** Recorded information follows **

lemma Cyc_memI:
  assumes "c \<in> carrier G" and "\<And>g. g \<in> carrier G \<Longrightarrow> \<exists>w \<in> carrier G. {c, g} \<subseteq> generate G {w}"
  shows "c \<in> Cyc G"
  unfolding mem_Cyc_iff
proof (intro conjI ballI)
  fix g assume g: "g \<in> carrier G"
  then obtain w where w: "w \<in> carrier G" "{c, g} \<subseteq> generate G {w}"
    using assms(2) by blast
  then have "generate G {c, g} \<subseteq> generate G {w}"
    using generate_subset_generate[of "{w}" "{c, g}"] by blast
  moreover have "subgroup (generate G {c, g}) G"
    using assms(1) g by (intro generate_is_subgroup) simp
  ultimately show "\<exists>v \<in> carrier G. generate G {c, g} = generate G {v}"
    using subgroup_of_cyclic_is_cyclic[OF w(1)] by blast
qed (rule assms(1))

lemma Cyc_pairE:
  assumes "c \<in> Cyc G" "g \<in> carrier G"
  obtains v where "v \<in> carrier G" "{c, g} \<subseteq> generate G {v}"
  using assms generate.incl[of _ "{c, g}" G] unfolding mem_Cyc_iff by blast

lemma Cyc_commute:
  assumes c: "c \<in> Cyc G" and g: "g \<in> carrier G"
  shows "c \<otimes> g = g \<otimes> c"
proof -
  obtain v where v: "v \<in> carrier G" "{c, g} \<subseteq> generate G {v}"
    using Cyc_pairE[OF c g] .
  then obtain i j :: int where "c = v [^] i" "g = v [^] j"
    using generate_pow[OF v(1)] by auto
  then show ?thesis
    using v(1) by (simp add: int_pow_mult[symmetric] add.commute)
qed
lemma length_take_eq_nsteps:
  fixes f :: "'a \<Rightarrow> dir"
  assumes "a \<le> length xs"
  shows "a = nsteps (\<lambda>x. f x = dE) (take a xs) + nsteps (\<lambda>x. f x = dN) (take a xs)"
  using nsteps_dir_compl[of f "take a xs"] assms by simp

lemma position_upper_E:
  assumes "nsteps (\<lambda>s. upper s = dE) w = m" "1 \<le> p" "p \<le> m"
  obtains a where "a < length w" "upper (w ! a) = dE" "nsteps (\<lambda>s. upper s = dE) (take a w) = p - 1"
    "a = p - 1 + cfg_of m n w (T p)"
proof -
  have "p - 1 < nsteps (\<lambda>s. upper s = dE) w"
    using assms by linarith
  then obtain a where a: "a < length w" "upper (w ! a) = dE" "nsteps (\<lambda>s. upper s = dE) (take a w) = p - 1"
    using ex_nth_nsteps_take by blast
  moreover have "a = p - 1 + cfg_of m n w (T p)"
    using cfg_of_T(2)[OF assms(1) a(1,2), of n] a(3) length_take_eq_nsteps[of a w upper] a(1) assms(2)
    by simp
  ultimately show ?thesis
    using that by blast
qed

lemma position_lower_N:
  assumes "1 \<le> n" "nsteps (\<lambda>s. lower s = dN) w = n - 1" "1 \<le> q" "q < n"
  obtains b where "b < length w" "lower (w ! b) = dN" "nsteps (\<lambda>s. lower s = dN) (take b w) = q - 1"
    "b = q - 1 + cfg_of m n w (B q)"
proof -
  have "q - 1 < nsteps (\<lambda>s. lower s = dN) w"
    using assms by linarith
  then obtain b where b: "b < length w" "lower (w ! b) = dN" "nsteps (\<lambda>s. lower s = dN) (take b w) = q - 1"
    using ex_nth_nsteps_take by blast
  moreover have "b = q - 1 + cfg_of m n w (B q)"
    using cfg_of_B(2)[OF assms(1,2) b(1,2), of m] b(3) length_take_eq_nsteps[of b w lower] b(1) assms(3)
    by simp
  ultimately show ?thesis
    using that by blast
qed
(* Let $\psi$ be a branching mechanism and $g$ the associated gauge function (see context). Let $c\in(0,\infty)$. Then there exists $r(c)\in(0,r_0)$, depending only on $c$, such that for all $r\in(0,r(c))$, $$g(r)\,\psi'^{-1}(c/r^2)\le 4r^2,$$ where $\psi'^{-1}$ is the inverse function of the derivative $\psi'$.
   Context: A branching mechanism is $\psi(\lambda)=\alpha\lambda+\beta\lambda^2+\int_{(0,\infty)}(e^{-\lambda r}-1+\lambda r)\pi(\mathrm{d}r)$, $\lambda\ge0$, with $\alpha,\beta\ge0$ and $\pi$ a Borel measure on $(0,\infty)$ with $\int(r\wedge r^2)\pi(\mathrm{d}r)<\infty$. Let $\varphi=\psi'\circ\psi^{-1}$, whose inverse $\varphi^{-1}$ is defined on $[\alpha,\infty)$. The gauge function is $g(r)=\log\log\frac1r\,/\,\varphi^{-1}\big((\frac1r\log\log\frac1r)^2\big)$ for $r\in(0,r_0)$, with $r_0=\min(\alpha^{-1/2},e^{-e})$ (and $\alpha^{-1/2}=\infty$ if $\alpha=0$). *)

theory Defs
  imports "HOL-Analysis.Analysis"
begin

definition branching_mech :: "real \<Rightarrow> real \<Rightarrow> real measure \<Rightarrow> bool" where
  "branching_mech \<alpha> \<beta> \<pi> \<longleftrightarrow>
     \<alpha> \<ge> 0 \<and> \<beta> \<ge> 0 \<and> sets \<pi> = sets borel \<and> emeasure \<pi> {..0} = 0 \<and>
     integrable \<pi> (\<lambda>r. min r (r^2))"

** End of Recorded information **

# [About this task]
Return the whole of the data, character for character.

# [Task response]
lemma Cyc_memI:
  assumes "c \<in> carrier G" and "\<And>g. g \<in> carrier G \<Longrightarrow> \<exists>w \<in> carrier G. {c, g} \<subseteq> generate G {w}"
  shows "c \<in> Cyc G"
  unfolding mem_Cyc_iff
proof (intro conjI ballI)
  fix g assume g: "g \<in> carrier G"
  then obtain w where w: "w \<in> carrier G" "{c, g} \<subseteq> generate G {w}"
    using assms(2) by blast
  then have "generate G {c, g} \<subseteq> generate G {w}"
    using generate_subset_generate[of "{w}" "{c, g}"] by blast
  moreover have "subgroup (generate G {c, g}) G"
    using assms(1) g by (intro generate_is_subgroup) simp
  ultimately show "\<exists>v \<in> carrier G. generate G {c, g} = generate G {v}"
    using subgroup_of_cyclic_is_cyclic[OF w(1)] by blast
qed (rule assms(1))

lemma Cyc_pairE:
  assumes "c \<in> Cyc G" "g \<in> carrier G"
  obtains v where "v \<in> carrier G" "{c, g} \<subseteq> generate G {v}"
  using assms generate.incl[of _ "{c, g}" G] unfolding mem_Cyc_iff by blast

lemma Cyc_commute:
  assumes c: "c \<in> Cyc G" and g: "g \<in> carrier G"
  shows "c \<otimes> g = g \<otimes> c"
proof -
  obtain v where v: "v \<in> carrier G" "{c, g} \<subseteq> generate G {v}"
    using Cyc_pairE[OF c g] .
  then obtain i j :: int where "c = v [^] i" "g = v [^] j"
    using generate_pow[OF v(1)] by auto
  then show ?thesis
    using v(1) by (simp add: int_pow_mult[symmetric] add.commute)
qed
lemma length_take_eq_nsteps:
  fixes f :: "'a \<Rightarrow> dir"
  assumes "a \<le> length xs"
  shows "a = nsteps (\<lambda>x. f x = dE) (take a xs) + nsteps (\<lambda>x. f x = dN) (take a xs)"
  using nsteps_dir_compl[of f "take a xs"] assms by simp

lemma position_upper_E:
  assumes "nsteps (\<lambda>s. upper s = dE) w = m" "1 \<le> p" "p \<le> m"
  obtains a where "a < length w" "upper (w ! a) = dE" "nsteps (\<lambda>s. upper s = dE) (take a w) = p - 1"
    "a = p - 1 + cfg_of m n w (T p)"
proof -
  have "p - 1 < nsteps (\<lambda>s. upper s = dE) w"
    using assms by linarith
  then obtain a where a: "a < length w" "upper (w ! a) = dE" "nsteps (\<lambda>s. upper s = dE) (take a w) = p - 1"
    using ex_nth_nsteps_take by blast
  moreover have "a = p - 1 + cfg_of m n w (T p)"
    using cfg_of_T(2)[OF assms(1) a(1,2), of n] a(3) length_take_eq_nsteps[of a w upper] a(1) assms(2)
    by simp
  ultimately show ?thesis
    using that by blast
qed

lemma position_lower_N:
  assumes "1 \<le> n" "nsteps (\<lambda>s. lower s = dN) w = n - 1" "1 \<le> q" "q < n"
  obtains b where "b < length w" "lower (w ! b) = dN" "nsteps (\<lambda>s. lower s = dN) (take b w) = q - 1"
    "b = q - 1 + cfg_of m n w (B q)"
proof -
  have "q - 1 < nsteps (\<lambda>s. lower s = dN) w"
    using assms by linarith
  then obtain b where b: "b < length w" "lower (w ! b) = dN" "nsteps (\<lambda>s. lower s = dN) (take b w) = q - 1"
    using ex_nth_nsteps_take by blast
  moreover have "b = q - 1 + cfg_of m n w (B q)"
    using cfg_of_B(2)[OF assms(1,2) b(1,2), of m] b(3) length_take_eq_nsteps[of b w lower] b(1) assms(3)
    by simp
  ultimately show ?thesis
    using that by blast
qed
(* Let $\psi$ be a branching mechanism and $g$ the associated gauge function (see context). Let $c\in(0,\infty)$. Then there exists $r(c)\in(0,r_0)$, depending only on $c$, such that for all $r\in(0,r(c))$, $$g(r)\,\psi'^{-1}(c/r^2)\le 4r^2,$$ where $\psi'^{-1}$ is the inverse function of the derivative $\psi'$.
   Context: A branching mechanism is $\psi(\lambda)=\alpha\lambda+\beta\lambda^2+\int_{(0,\infty)}(e^{-\lambda r}-1+\lambda r)\pi(\mathrm{d}r)$, $\lambda\ge0$, with $\alpha,\beta\ge0$ and $\pi$ a Borel measure on $(0,\infty)$ with $\int(r\wedge r^2)\pi(\mathrm{d}r)<\infty$. Let $\varphi=\psi'\circ\psi^{-1}$, whose inverse $\varphi^{-1}$ is defined on $[\alpha,\infty)$. The gauge function is $g(r)=\log\log\frac1r\,/\,\varphi^{-1}\big((\frac1r\log\log\frac1r)^2\big)$ for $r\in(0,r_0)$, with $r_0=\min(\alpha^{-1/2},e^{-e})$ (and $\alpha^{-1/2}=\infty$ if $\alpha=0$). *)

theory Defs
  imports "HOL-Analysis.Analysis"
begin

definition branching_mech :: "real \<Rightarrow> real \<Rightarrow> real measure \<Rightarrow> bool" where
  "branching_mech \<alpha> \<beta> \<pi> \<longleftrightarrow>
     \<alpha> \<ge> 0 \<and> \<beta> \<ge> 0 \<and> sets \<pi> = sets borel \<and> emeasure \<pi> {..0} = 0 \<and>
     integrable \<pi> (\<lambda>r. min r (r^2))"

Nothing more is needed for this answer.